TASK DESCRIPTION:
From the line that contains "define P where" through the line that contains "(A^2) / (real", output every line of the listing below exactly and leave out all the rest.

=== RECORDS SUPPLIED ===

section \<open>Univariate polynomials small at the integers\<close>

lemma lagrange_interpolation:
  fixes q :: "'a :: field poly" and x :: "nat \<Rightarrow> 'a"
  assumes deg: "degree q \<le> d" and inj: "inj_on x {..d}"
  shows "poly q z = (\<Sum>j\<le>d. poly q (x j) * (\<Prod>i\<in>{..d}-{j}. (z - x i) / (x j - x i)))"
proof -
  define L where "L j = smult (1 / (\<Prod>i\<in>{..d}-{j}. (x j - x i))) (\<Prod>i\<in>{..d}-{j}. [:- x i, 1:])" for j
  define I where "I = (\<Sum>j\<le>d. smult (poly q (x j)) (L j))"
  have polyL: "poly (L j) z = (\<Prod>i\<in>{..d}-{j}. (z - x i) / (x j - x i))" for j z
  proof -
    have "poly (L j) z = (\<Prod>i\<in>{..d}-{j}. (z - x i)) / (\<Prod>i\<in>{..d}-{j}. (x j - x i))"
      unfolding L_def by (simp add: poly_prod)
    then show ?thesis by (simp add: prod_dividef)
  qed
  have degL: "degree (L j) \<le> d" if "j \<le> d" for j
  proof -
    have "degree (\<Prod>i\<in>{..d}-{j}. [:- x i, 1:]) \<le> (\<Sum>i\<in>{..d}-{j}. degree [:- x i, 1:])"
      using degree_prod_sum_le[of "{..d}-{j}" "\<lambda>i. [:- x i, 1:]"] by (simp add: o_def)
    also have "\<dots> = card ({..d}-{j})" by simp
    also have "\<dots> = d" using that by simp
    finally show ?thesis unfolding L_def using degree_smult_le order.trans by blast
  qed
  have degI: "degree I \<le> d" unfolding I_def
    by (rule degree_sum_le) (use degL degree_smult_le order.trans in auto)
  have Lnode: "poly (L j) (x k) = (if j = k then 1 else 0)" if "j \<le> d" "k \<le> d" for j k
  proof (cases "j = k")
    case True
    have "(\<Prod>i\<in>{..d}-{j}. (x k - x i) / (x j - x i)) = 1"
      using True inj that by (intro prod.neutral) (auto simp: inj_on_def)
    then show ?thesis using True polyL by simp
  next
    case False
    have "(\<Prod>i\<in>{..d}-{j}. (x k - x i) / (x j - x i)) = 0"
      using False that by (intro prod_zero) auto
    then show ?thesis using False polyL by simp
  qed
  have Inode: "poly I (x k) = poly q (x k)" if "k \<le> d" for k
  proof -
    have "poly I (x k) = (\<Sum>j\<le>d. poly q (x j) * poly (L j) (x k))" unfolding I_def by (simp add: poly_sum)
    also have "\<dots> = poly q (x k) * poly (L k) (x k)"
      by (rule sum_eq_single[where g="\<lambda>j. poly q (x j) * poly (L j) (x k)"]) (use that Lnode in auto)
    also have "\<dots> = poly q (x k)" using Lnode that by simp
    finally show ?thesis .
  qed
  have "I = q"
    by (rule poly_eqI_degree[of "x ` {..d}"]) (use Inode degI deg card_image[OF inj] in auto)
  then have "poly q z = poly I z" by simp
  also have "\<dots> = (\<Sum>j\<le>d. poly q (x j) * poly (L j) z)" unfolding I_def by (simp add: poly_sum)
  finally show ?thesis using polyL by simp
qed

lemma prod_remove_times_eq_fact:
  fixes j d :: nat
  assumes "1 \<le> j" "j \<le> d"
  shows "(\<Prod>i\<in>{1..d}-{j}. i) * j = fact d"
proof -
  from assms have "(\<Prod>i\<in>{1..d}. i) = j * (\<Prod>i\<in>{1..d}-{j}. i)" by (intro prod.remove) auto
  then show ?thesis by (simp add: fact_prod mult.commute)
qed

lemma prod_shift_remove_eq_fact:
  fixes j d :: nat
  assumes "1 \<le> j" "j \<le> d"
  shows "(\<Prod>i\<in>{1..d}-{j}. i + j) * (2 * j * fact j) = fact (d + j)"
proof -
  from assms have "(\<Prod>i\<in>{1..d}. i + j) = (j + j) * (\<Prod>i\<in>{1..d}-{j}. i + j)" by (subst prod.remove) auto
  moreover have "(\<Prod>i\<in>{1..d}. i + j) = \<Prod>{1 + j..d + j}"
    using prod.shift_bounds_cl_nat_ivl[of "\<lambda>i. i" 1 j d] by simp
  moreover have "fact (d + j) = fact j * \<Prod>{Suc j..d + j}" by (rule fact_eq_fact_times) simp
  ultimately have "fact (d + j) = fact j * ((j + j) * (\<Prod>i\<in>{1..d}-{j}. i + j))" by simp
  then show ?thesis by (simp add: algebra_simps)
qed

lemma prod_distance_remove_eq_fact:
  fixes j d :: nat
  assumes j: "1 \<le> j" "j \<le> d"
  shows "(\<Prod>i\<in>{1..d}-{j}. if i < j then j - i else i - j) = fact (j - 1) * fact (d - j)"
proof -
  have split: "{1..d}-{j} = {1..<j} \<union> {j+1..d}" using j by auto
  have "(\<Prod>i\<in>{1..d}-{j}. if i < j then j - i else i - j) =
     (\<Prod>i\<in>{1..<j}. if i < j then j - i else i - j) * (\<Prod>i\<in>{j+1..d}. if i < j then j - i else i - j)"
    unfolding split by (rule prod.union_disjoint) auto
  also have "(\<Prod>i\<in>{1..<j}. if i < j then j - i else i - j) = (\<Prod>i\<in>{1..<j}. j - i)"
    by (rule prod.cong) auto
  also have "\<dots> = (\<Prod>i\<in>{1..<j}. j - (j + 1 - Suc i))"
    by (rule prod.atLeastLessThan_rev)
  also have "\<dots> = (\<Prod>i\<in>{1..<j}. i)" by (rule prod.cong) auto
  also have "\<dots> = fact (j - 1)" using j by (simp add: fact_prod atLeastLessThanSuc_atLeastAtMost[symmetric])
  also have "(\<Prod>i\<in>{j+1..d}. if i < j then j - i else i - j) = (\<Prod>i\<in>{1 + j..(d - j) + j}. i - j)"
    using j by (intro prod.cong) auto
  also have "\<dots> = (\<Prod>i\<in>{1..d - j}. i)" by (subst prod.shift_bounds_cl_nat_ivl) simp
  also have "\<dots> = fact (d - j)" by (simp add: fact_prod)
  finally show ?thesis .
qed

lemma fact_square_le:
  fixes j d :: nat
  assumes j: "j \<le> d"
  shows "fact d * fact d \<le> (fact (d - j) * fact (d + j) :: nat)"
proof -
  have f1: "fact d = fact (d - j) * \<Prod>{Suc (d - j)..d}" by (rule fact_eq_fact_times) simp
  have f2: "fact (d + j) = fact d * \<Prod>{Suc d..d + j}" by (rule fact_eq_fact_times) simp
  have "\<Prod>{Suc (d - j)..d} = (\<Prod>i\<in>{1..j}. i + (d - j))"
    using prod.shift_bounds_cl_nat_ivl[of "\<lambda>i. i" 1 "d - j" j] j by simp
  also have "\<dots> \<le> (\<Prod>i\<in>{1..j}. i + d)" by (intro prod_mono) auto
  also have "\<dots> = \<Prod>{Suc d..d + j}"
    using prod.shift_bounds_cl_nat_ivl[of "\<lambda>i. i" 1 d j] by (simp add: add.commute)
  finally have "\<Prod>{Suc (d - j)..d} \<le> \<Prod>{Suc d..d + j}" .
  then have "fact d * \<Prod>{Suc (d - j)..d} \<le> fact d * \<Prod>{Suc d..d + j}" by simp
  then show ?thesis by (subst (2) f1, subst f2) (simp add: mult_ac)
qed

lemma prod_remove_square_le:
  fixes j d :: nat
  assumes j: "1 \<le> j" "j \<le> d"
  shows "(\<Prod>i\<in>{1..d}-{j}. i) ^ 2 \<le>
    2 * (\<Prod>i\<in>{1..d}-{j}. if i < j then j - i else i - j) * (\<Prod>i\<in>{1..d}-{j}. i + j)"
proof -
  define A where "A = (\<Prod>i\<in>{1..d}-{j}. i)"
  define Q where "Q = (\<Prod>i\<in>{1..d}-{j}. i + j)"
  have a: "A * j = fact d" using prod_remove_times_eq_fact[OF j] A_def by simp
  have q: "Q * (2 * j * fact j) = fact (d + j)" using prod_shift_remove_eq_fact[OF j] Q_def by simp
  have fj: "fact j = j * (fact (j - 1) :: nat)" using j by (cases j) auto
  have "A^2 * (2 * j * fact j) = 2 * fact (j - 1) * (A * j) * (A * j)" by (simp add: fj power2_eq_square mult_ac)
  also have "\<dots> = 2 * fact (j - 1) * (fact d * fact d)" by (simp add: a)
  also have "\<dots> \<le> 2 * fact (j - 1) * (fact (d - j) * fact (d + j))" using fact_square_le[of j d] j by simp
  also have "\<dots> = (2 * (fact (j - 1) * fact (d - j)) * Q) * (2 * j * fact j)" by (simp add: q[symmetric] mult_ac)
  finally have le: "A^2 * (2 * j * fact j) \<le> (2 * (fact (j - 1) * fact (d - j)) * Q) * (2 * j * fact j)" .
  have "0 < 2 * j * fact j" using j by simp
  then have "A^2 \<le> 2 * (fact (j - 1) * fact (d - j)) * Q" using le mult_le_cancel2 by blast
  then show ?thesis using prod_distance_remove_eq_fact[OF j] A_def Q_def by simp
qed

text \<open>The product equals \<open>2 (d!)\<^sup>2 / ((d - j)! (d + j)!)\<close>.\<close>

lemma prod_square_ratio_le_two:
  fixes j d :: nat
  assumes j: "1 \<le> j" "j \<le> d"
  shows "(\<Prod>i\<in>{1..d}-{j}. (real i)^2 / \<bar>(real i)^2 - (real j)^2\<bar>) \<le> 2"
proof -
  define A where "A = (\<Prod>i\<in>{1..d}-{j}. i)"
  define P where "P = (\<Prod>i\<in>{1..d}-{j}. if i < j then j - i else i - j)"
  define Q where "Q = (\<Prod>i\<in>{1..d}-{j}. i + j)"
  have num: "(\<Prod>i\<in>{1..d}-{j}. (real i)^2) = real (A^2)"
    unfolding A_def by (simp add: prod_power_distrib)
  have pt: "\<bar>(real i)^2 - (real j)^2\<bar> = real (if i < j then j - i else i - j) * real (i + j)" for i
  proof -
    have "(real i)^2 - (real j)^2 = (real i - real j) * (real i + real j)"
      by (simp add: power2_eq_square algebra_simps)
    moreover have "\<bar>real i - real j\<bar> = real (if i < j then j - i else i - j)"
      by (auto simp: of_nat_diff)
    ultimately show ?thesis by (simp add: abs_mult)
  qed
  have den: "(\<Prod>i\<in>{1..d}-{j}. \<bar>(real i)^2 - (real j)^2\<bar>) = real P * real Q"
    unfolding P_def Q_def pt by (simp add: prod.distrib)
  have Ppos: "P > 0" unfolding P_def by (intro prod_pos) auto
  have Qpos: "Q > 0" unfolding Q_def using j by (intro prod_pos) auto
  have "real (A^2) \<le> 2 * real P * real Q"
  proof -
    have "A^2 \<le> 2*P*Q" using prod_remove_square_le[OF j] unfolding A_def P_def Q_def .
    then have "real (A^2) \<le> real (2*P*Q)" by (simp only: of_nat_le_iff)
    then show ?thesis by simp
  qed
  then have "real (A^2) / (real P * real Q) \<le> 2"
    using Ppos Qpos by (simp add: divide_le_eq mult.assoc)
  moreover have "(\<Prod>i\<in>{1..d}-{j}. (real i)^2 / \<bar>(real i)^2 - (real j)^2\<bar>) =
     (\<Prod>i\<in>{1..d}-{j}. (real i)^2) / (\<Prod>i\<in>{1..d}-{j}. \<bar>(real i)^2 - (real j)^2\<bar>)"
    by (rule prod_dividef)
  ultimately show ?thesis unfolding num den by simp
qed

===

SOLUTION TO THE EXERCISE:
  define P where "P = (\<Prod>i\<in>{1..d}-{j}. if i < j then j - i else i - j)"
  define Q where "Q = (\<Prod>i\<in>{1..d}-{j}. i + j)"
  have num: "(\<Prod>i\<in>{1..d}-{j}. (real i)^2) = real (A^2)"
    unfolding A_def by (simp add: prod_power_distrib)
  have pt: "\<bar>(real i)^2 - (real j)^2\<bar> = real (if i < j then j - i else i - j) * real (i + j)" for i
  proof -
    have "(real i)^2 - (real j)^2 = (real i - real j) * (real i + real j)"
      by (simp add: power2_eq_square algebra_simps)
    moreover have "\<bar>real i - real j\<bar> = real (if i < j then j - i else i - j)"
      by (auto simp: of_nat_diff)
    ultimately show ?thesis by (simp add: abs_mult)
  qed
  have den: "(\<Prod>i\<in>{1..d}-{j}. \<bar>(real i)^2 - (real j)^2\<bar>) = real P * real Q"
    unfolding P_def Q_def pt by (simp add: prod.distrib)
  have Ppos: "P > 0" unfolding P_def by (intro prod_pos) auto
  have Qpos: "Q > 0" unfolding Q_def using j by (intro prod_pos) auto
  have "real (A^2) \<le> 2 * real P * real Q"
  proof -
    have "A^2 \<le> 2*P*Q" using prod_remove_square_le[OF j] unfolding A_def P_def Q_def .
    then have "real (A^2) \<le> real (2*P*Q)" by (simp only: of_nat_le_iff)
    then show ?thesis by simp
  qed
  then have "real (A^2) / (real P * real Q) \<le> 2"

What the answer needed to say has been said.